Do other minds exist? You may think this is obvious: “yes they do!” People around you act just like you, so why wouldn’t they also have a mind like you yourself do?
However, what if I created a robot that also acted like a human? This becomes far more plausible now we have the likes of ChatGPT behaving just like a person. Do these digital algorithms really constitute a mind? If not, then isn’t it also plausible that other humans might also just be acting like they have a mind, but don’t actually have a mind the same way you do?
The belief that other minds exist is called the Theory of Mind.
In response to the question, there are two fundamental positions one can take. The first is that of solipsism: that I am the only actual conscious person. In this situation you know what consciousness is, but you are skeptical that others have their own independent consciousness. Instead they just act like you do, as kind of reflections of your own consciousness.
The other view is that they do indeed have consciousness, and from this we must conclude that consciousness is emergent from physical stuff. I’ll explain why in a moment.
Let’s look at the first option. In this case, there is likely only me. By me, I mean the reality seen from my perspective. Experience. I may see other people appear to be conscious, but that is all just reflections of parts of my own psyche in some form. It doesn’t mean that I am able to control them, as we have already established that dreams can be surprising, thoughts can be surprising, so that means there is always an element of conscious unknown that could manifest in the appearance of “other people” surprising me with their behavior. Consciousness is not knowing or understanding, it is quite separate to it.
The second option is that solipsism isn’t the case. In other words, that these other people are not parts of my own psyche, and are actually conscious independently, having exactly the same phenomenal experience as me. Now if they are actually conscious, then it means that their physical constitution is not part of my own consciousness - it must be separate to it, also. And that means the physical world around me must also be separate to my consciousness, meaning idealism cannot be true (at least, not the traditional understanding of idealism). And if the physical is real, then we have to take it as brute fact that the apparent correlation between that physical constitution and their conscious reports must also be inseparable. I know this simply because of the fact that I encounter other minds through physical movement through spacetime: a person gets taken on a bus and then talks to me. That’s how I am confronted with their consciousness, but for it to appear to me it was first subject to these physical constraints of having to travel, and that means certainly constrained by the physical - even if consciousness is a separate thing, it is anchored to that person’s brain.
Now surely that physical constitution is not created by their own consciousness, because it is observed in my consciousness - if that were the case then their consciousness would be somehow integrated with mine, which doesn’t seem to be possible (where does one consciousness end and another begin?). The only reasonable position to take would be that the physical is actually creating the consciousness.
Now if that is the case, then it would be reasonable to conclude that my physical constitution is also creating my own consciousness. And that would be what we call emergence. It’s often used as the basis of materialism.
And many secularists believe that if you arrange atoms in a certain way, it then magically becomes conscious and has experiences the way I do (you and I?).
There is much to tell us, though, that consciousness is not emergent. We certainly don’t feel as though we are simply moving atoms. So what is the answer? Solipsism is certainly hard to accept, but emergence equally so.
The answer, I feel, is that emergence is true, just not in the way many believe it to be. My gut feeling is that consciousness does emerge from processes, but they must be very specific processes. Very specific.
Is it a matter of complexity? This is something we don’t know, but we can likely find out simply by analyzing how the processing occurs, and seeing what causes it to shut-off from a phenomenal perspective, tested through reporting. I would say that IIT and related disciplines are great areas of research that will help us in this endeavor tremendously.
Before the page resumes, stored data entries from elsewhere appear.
(* Let $(\Omega,\mathcal A)$ be a measurable space and let $K$ be a random compact set in $\mathbb C^n$. Then $\widehat K=R\widehat K$, i.e. for every $\omega$, $\widehat{K(\omega)}=\{z\in\mathbb C^n:|p(\omega,z)|\le\max_{x\in K(\omega)}|p(\omega,x)| \text{ for all random polynomials } p\}$.
   Context: A random compact set is a measurable map from $\Omega$ to the space of non-empty compact subsets of $\mathbb C^n$ with the Hausdorff distance and its Borel $\sigma$-algebra. A random polynomial is a function $p:\Omega\times\mathbb C^n\to\mathbb C$ with $p(\omega,\cdot)$ a polynomial for each $\omega$ and $p(\cdot,z)$ measurable for each $z$. $\widehat L=\{z:|p(z)|\le\max_L|p| \text{ for all polynomials } p\}$. *)

theory Defs
  imports "HOL-Analysis.Analysis"
begin

definition cpoly_fun :: "(complex ^ 'n::finite \<Rightarrow> complex) \<Rightarrow> bool" where
  "cpoly_fun f \<longleftrightarrow> (\<exists>A :: (nat ^ 'n) set. \<exists>c :: nat ^ 'n \<Rightarrow> complex. finite A \<and>
     (\<forall>z. f z = (\<Sum>\<alpha>\<in>A. c \<alpha> * (\<Prod>i\<in>UNIV. (z $ i) ^ (\<alpha> $ i)))))"

definition poly_hull :: "(complex ^ 'n::finite) set \<Rightarrow> (complex ^ 'n) set" where
  "poly_hull L = {z. \<forall>p. cpoly_fun p \<longrightarrow> norm (p z) \<le> (SUP x\<in>L. norm (p x))}"

definition hausdorff_dist :: "'a::metric_space set \<Rightarrow> 'a set \<Rightarrow> real" where
  "hausdorff_dist A B = max (SUP a\<in>A. infdist a B) (SUP b\<in>B. infdist b A)"

definition ne_compacts :: "'a::metric_space set set" where
  "ne_compacts = {S. compact S \<and> S \<noteq> {}}"

definition hausdorff_open :: "'a::metric_space set set \<Rightarrow> bool" where
  "hausdorff_open U \<longleftrightarrow> U \<subseteq> ne_compacts \<and>
     (\<forall>A\<in>U. \<exists>e>0. \<forall>B\<in>ne_compacts. hausdorff_dist A B < e \<longrightarrow> B \<in> U)"

definition hausdorff_borel :: "'a::metric_space set measure" where
  "hausdorff_borel = sigma ne_compacts {U. hausdorff_open U}"

definition random_compact_set :: "'w measure \<Rightarrow> ('w \<Rightarrow> 'a::metric_space set) \<Rightarrow> bool" where
  "random_compact_set M K \<longleftrightarrow> K \<in> measurable M hausdorff_borel"

definition random_poly :: "'w measure \<Rightarrow> ('w \<Rightarrow> complex ^ 'n::finite \<Rightarrow> complex) \<Rightarrow> bool" where
  "random_poly M p \<longleftrightarrow> (\<forall>\<omega>\<in>space M. cpoly_fun (p \<omega>)) \<and>
     (\<forall>z. (\<lambda>\<omega>. p \<omega> z) \<in> borel_measurable M)"

end

theory Submission
  imports Defs
begin

(* Every random polynomial is a polynomial in z at each fixed \<omega>, and every polynomial is a
   random polynomial that does not depend on \<omega>. So both hulls are cut out by the same family
   of polynomials. *)

lemma random_poly_const:
  assumes "cpoly_fun q"
  shows "random_poly M (\<lambda>_. q)"
  using assms unfolding random_poly_def by simp

lemma random_poly_cpoly_fun:
  assumes "random_poly M p" and "\<omega> \<in> space M"
  shows "cpoly_fun (p \<omega>)"
  using assms unfolding random_poly_def by simp

theorem proposition6p15:
  fixes M :: "'w measure" and K :: "'w \<Rightarrow> (complex ^ 'n::finite) set"
  assumes "random_compact_set M K"
  shows "\<forall>\<omega>\<in>space M. poly_hull (K \<omega>) =
           {z. \<forall>p. random_poly M p \<longrightarrow> norm (p \<omega> z) \<le> (SUP x\<in>K \<omega>. norm (p \<omega> x))}"
proof (intro ballI set_eqI iffI)
  fix \<omega> z
  assume \<omega>: "\<omega> \<in> space M"
  show "z \<in> {z. \<forall>p. random_poly M p \<longrightarrow> norm (p \<omega> z) \<le> (SUP x\<in>K \<omega>. norm (p \<omega> x))}"
    if "z \<in> poly_hull (K \<omega>)"
    using that random_poly_cpoly_fun[OF _ \<omega>] unfolding poly_hull_def by blast
  show "z \<in> poly_hull (K \<omega>)"
    if "z \<in> {z. \<forall>p. random_poly M p \<longrightarrow> norm (p \<omega> z) \<le> (SUP x\<in>K \<omega>. norm (p \<omega> x))}"
    using that random_poly_const[of _ M] unfolding poly_hull_def by fastforce
qed

end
But it isn’t simply emergent. There is a two-way causation: the matter enables consciousness, but consciousness chooses which of the branches of possible timelines to traverse through. That means consciousness works hand-in-hand with matter, co-dependent. The result is a hybrid of materialism and idealism.
Does this mean that other minds exist and are conscious the same way we are? Is the theory of mind correct?
Yes and no. We must believe that the criteria for consciousness to emerge from matter involves a high bar. There must be configurations that seem very much like they would produce consciousness, but actually do not - because some critical aspect is missing, no matter now small. And it’s likely that in our timelines we come across people who are not conscious because of this but may act conscious. Why? Because perhaps their behavior is inconsistent with their requirements for the continuity of consciousness, but consistent with our own. In this case they may be indistinguishable from a conscious person, but they would not be: effectively they would be a “behavioral-zombie”.
Those that we know best, and whose expectations of behavior are aligned with our own most closely, they would be far more likely to be phenomenally conscious.
Isn’t that strange? But it seems it could be true. Perhaps you have come across people you have questioned whether they were actually “all there”. Some refer half-jokingly to them as NPCs, but it is the same idea: in order for your consciousness to continue, it would require matter to behave a certain way, but that may not coincidence with what is required for them to be phenomenally conscious and have experiences the way you do. They could be just like an LLM, a ChatGPT.
I’ll leave it to you to figure out which of your friends and acquaintances fit into that category.